Implementasi bioteknologi, seperti penggunaan biofertilizer dan biopestisida yang dikembangkan sesuai kebutuhan lokal, akan memperkuat kemandirian pangan di tingkat komunitas dan meningkatkan kesejahteraan petani.

“Bioteknologi adalah alat transformasi yang kuat untuk pertanian yang lebih inklusif dan ekologis, terutama bila disinergikan dengan model Community-Supported Agriculture (CSA),” tegasnya.

Meskipun potensi manfaatnya besar, Muliarta mengakui bahwa adopsi bioteknologi di lapangan masih menghadapi tantangan yang signifikan. Salah satu kendala utama adalah penolakan dari sebagian masyarakat dan petani.

“Penolakan ini sering kali berakar pada kurangnya pemahaman yang memadai. Ada kekhawatiran dan persepsi negatif yang menyamaratakan seluruh bioteknologi dengan isu GMO (Genetically Modified Organism), padahal cakupan bioteknologi hijau jauh lebih luas, termasuk pengembangan pupuk hayati dan benih unggul non-rekayasa genetik,” paparnya.

Selain faktor persepsi, tantangan implementasi lainnya meliputi masih minimnya pengetahuan dan keterampilan petani untuk mengadopsi dan mengaplikasikan teknologi baru secara efektif dan berkelanjutan.

Kebutuhan akan penelitian dan pengembangan bioteknologi yang harus relevan dengan kondisi agroklimat dan komoditas spesifik di masing-masing daerah. Kendala lainnya yaitu ketersediaan dan biaya awal untuk mendapatkan produk bioteknologi berkualitas yang terjangkau bagi petani komunitas.

Muliarta menekankan pentingnya kolaborasi antara akademisi, pemerintah, dan komunitas petani.
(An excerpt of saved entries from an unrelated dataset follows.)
(* Let $\mathcal B$ be a Bayesian network all of whose random variables are Boolean, and let $\Pi_{\mathcal B}$ be its $\mathrm{LP}^{\mathrm{MLN}}$ translation. Then for every truth assignment $I$ to the random variables of $\mathcal B$ (identified with the set of variables assigned true), the probability of $I$ under $\mathcal B$ equals $\sum_{J} P_{\Pi_{\mathcal B}}(J)$, where $J$ ranges over the interpretations of $\Pi_{\mathcal B}$ whose restriction to the variable atoms is $I$.
   Context: $\mathrm{LP}^{\mathrm{MLN}}$: a program is a finite set of weighted rules $w:R$ with $w$ real or the symbol $\alpha$ (infinite weight). For ground $\Pi$ and interpretation $I$: $\overline{\Pi}$ drops weights, $\Pi_I$ is the set of rules satisfied by $I$, $\mathrm{SM}[\Pi]=\{I: I\text{ stable model of }\overline{\Pi_I}\}$, $W_\Pi(I)=\exp(\sum_{w:R\in\Pi_I}w)$ if $I\in\mathrm{SM}[\Pi]$ and $0$ otherwise, and $P_\Pi(I)=\lim_{\alpha\to\infty}W_\Pi(I)/\sum_{J\in\mathrm{SM}[\Pi]}W_\Pi(J)$. Translation $\Pi_{\mathcal B}$: each random variable $V$ is an atom. For each node $V$ with parents $V_1,\dots,V_n$ ($n\ge0$) and each conditional probability table entry $P(V=\mathbf t\mid V_1=S_1,\dots,V_n=S_n)=p$, $S_j\in\{\mathbf t,\mathbf f\}$, introduce an atom $PF(V,S_1,\dots,S_n)$ and include: the weighted fact $\ln(p/(1-p)): PF(V,S_1,\dots,S_n)$ if $0<p<1$; the hard fact $\alpha: PF(V,S_1,\dots,S_n)$ if $p=1$; the hard constraint $\alpha:\ \leftarrow \mathtt{not}\ PF(V,S_1,\dots,S_n)$ if $p=0$. Also include for each such entry the hard rule $\alpha: V\leftarrow V_1^{S_1},\dots,V_n^{S_n}, PF(V,S_1,\dots,S_n)$, where $V_j^{S_j}$ is $V_j$ if $S_j=\mathbf t$ and $\mathtt{not}\ V_j$ if $S_j=\mathbf f$. *)

theory Defs
  imports Complex_Main
begin

text \<open>A ground rule  H <- p1,...,pm, not n1,...,not nk ; head None = constraint.\<close>
datatype 'a rule = Rule (head: "'a option") (pos: "'a set") (neg: "'a set")

definition sat_body :: "'a set \<Rightarrow> 'a rule \<Rightarrow> bool" where
  "sat_body I r \<longleftrightarrow> pos r \<subseteq> I \<and> neg r \<inter> I = {}"

definition sat_rule :: "'a set \<Rightarrow> 'a rule \<Rightarrow> bool" where
  "sat_rule I r \<longleftrightarrow> (sat_body I r \<longrightarrow> (case head r of None \<Rightarrow> False | Some h \<Rightarrow> h \<in> I))"
(* Let $\mathbb{T}$ be a time scale, $\alpha\in]0,1]$, $t\in\mathbb{T}_\kappa^\kappa$, $\lambda\in\mathbb{R}$, and let $f,g:\mathbb{T}\to\mathbb{R}$ be symmetric fractional differentiable of order $\alpha$ at $t$. Then: (i) $f+g$ is symmetric fractional differentiable of order $\alpha$ at $t$ with $(f+g)^{\diamondsuit^\alpha}(t)=f^{\diamondsuit^\alpha}(t)+g^{\diamondsuit^\alpha}(t)$; (ii) $\lambda f$ is symmetric fractional differentiable of order $\alpha$ at $t$ with $(\lambda f)^{\diamondsuit^\alpha}(t)=\lambda f^{\diamondsuit^\alpha}(t)$; (iii) if $f$ and $g$ are continuous at $t$, then $fg$ is symmetric fractional differentiable of order $\alpha$ at $t$ with $(fg)^{\diamondsuit^\alpha}(t)=f^{\diamondsuit^\alpha}(t)g^\sigma(t)+f^\rho(t)g^{\diamondsuit^\alpha}(t)$; (iv) if $f$ is continuous at $t$ and $f^\sigma(t)f^\rho(t)\neq0$, then $1/f$ is symmetric fractional differentiable of order $\alpha$ at $t$ with $\left(\frac1f\right)^{\diamondsuit^\alpha}(t)=-\frac{f^{\diamondsuit^\alpha}(t)}{f^\sigma(t)f^\rho(t)}$; (v) if $f$ and $g$ are continuous at $t$ and $g^\sigma(t)g^\rho(t)\neq0$, then $f/g$ is symmetric fractional differentiable of order $\alpha$ at $t$ with $$\left(\frac fg\right)^{\diamondsuit^\alpha}(t)=\frac{f^{\diamondsuit^\alpha}(t)g^\rho(t)-f^\rho(t)g^{\diamondsuit^\alpha}(t)}{g^\sigma(t)g^\rho(t)}.$$
   Context: A time scale $\mathbb{T}$ is a nonempty closed subset of $\mathbb{R}$ with the induced topology. $\sigma(t)=\inf\{s\in\mathbb{T}:s>t\}$ ($\inf\emptyset=\sup\mathbb{T}$), $\rho(t)=\sup\{s\in\mathbb{T}:s<t\}$ ($\sup\emptyset=\inf\mathbb{T}$); $f^\sigma=f\circ\sigma$, $f^\rho=f\circ\rho$. $\mathbb{T}^\kappa=\mathbb{T}\setminus\{\sup\mathbb{T}\}$ if $\sup\mathbb{T}$ is finite and left-scattered, else $\mathbb{T}$; $\mathbb{T}_\kappa=\mathbb{T}\setminus\{\inf\mathbb{T}\}$ if $\inf\mathbb{T}$ is finite and right-scattered, else $\mathbb{T}$; $\mathbb{T}_\kappa^\kappa=\mathbb{T}_\kappa\cap\mathbb{T}^\kappa$. Symmetric fractional derivative of order $\alpha$ at $t\in\mathbb{T}_\kappa^\kappa$: the real number $f^{\diamondsuit^\alpha}(t)$ (if it exists) such that for every $\varepsilon>0$ there is a neighborhood $U\subset\mathbb{T}$ of $t$ with $\big|[f^\sigma(t)-f(s)+f(2t-s)-f^\rho(t)]-f^{\diamondsuit^\alpha}(t)[\sigma(t)+2t-2s-\rho(t)]^\alpha\big|\le\varepsilon|\sigma(t)+2t-2s-\rho(t)|^\alpha$ for all $s\in U$ with $2t-s\in U$; $f$ is then symmetric fractional differentiable of order $\alpha$ at $t$. *)

theory Defs
  imports "HOL-Analysis.Analysis"
begin
(* For $0\le r\le n$ and $0\le s\le\min(r,n-r)$, $\mathrm{tr}(\Lambda_s^{r,r})=\binom{n}{r}$, and the orthogonal projection $P_s^r$ of $L^2(X)$ onto $L^2(X_r)_s$ is $$P_s^r=\frac{\binom{n}{s}-\binom{n}{s-1}}{\binom{n}{r}}\,\Lambda_s^{r,r}.$$
   Context: Let $\Omega$ be a finite set with $|\Omega|=n\ge1$, $G=S(\Omega)$, $X=\mathcal P(\Omega)$, $X_r=\{x\in X:|x|=r\}$, $G$ acting on $L^2(X)$ (complex functions on $X$ with standard inner product; $L^2(X_r)$ = functions supported on $X_r$) by $(\rho(g)\psi)(x)=\psi(g^{-1}x)$. For $0\le s\le\min(r,n-r)$, $L^2(X_r)_s$ is the unique irreducible $G$-subspace of $L^2(X_r)$ isomorphic to the irreducible representation associated with the partition $(n-s,s)$. For $0\le s\le\min(r_1,n-r_1,r_2,n-r_2)$, $\Lambda_s^{r_1,r_2}$ is a $G$-equivariant map $L^2(X)\to L^2(X)$ sending $L^2(X_{r_1})_s$ into $L^2(X_{r_2})_s$ and vanishing on its orthogonal complement, with kernel $\lambda$ defined on integers $\max(0,r_2-r_1)\le k\le\min(n-r_1,r_2)$ by $(\Lambda_s^{r_1,r_2}\psi)(x_2)=\sum_{x_1\in X_{r_1}}\lambda(|x_2\setminus x_1|)\psi(x_1)$. The kernel agrees on its domain with a unique polynomial of degree $s$ which is nonzero at $0$; $\Lambda_s^{r_1,r_2}$ is normalized so that this polynomial takes the value $1$ at $t=0$. Convention $\binom{n}{-1}=0$. *)

theory Defs
  imports Complex_Main "HOL-Computational_Algebra.Polynomial" "HOL-Library.Cardinality"
begin

text \<open>Omega is the universe of a finite type 'a; X = Pow Omega = UNIV :: 'a set set;
  L2(X) = functions 'a set => complex.  G = S(Omega) = bijections of 'a.\<close>

type_synonym 'a L2 = "'a set \<Rightarrow> complex"
lemma qform_scaleR: "qform A (c *\<^sub>R x) = of_real (c\<^sup>2) * qform A x"
proof -
  have "(c *\<^sub>R x)$i = of_real c * x$i" for i
    by (simp only: vector_scaleR_component) (simp add: scaleR_conv_of_real)
  then show ?thesis
    unfolding qform_def by (simp add: sum_distrib_left power2_eq_square ac_simps)
qed

lemma sform_axis_right: "sform A x (axis k t) = t * (\<Sum>i\<in>UNIV. cnj (x$i) * A$i$k)"
  unfolding sform_def axis_def
  by (simp add: sum_distrib_left ac_simps if_distrib if_distribR cong: if_cong)

lemma sform_axis_left: "sform A (axis k t) x = cnj t * (\<Sum>j\<in>UNIV. A$k$j * x$j)"
  unfolding sform_def axis_def
  by (subst sum.swap) (simp add: sum_distrib_left ac_simps if_distrib if_distribR cong: if_cong)

lemma qform_axis: "qform A (axis k t) = cnj t * t * A$k$k"
proof -
  have "(\<Sum>j\<in>UNIV. cnj (axis k t $ i) * A$i$j * axis k t $ j) = (if i = k then cnj t * t * A$k$k else 0)" for i
    by (cases "i = k") (simp_all add: axis_def if_distrib if_distribR ac_simps cong: if_cong)
  then show ?thesis
    unfolding qform_def by simp
qed

lemma qform_add_axis:
  assumes "hermitian G"
  shows "qform G (x + axis k t) = qform G x + t * (\<Sum>i\<in>UNIV. cnj (x$i) * G$i$k)
     + cnj t * cnj (\<Sum>i\<in>UNIV. cnj (x$i) * G$i$k) + cnj t * t * G$k$k"
proof -
  have "(\<Sum>j\<in>UNIV. G$k$j * x$j) = cnj (\<Sum>i\<in>UNIV. cnj (x$i) * G$i$k)"
    by (simp add: hermitian_cnj[OF assms] mult.commute)
  then show ?thesis
    unfolding qform_add sform_axis_left sform_axis_right qform_axis by simp
qed

lemma qform_proj:
  "qform (proj u) x = (\<Sum>i\<in>UNIV. cnj (x$i) * u$i) * cnj (\<Sum>i\<in>UNIV. cnj (x$i) * u$i)"
  unfolding qform_def proj_def by (simp add: sum_product ac_simps)

lemma norm_vec_square: "(norm (x::complex^'n))\<^sup>2 = (\<Sum>i\<in>UNIV. (cmod (x$i))\<^sup>2)"
  by (simp add: norm_vec_def L2_set_def sum_nonneg)

lemma tr_proj: "tr (proj u) = of_real ((norm u)\<^sup>2)"
  unfolding tr_def proj_def norm_vec_square of_real_sum complex_norm_square by simp

lemma tr_add: "tr (A + B) = tr A + tr B"
  by (simp add: tr_def sum.distrib)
“Kita harus terus memberikan Edukasi dan Pelatihan yang berkelanjutan, serta mendukung Riset dan Pengembangan yang berorientasi pada solusi lokal. Dengan transparansi dan pendampingan yang tepat, kita bisa mengatasi penolakan dan mewujudkan pertanian berbasis komunitas yang berkelanjutan dan ramah lingkungan,” tutupnya.

Menurut Muliarta, petani di Bali contohnya telah melakukan inovasi dalam implementasi bioteknologi sejak lama. Inovasi tersebut bahkan telah diajarkan secara turun temurun, namun sayangnya belum dikaji secara ilmiah sehingga sering dianggap cara yang telah jadul.

Ia mencontohkan konsep penjernihan air dengan tanaman di kawasan Subak yang umum disebut sebagai andongan. Padahal dalam ilmu modern saat ini teknik tersebut umum disebut sebagai metode fitoremediasi.

Begitu juga konsep pemanfaatan mikroba untuk melakukan dekomposisi limbah petrtanian yang umum disebut “bebereka”. Jika dicernati konsep beberekan tersebut adalah konsep dasar dari sistem pengomposan anaerob karena ditimbun di bawah tanah.

Sementara Dekan FPST-Unwar, Prof. Dr. Ir Luh Suriati, M.Si mengungkapkan bahwa penggunaan teknologi modern seperti pemetaan satelit, sensor tanah, dan aplikasi berbasis data telah membawa perubahan signifikan dalam cara bertani.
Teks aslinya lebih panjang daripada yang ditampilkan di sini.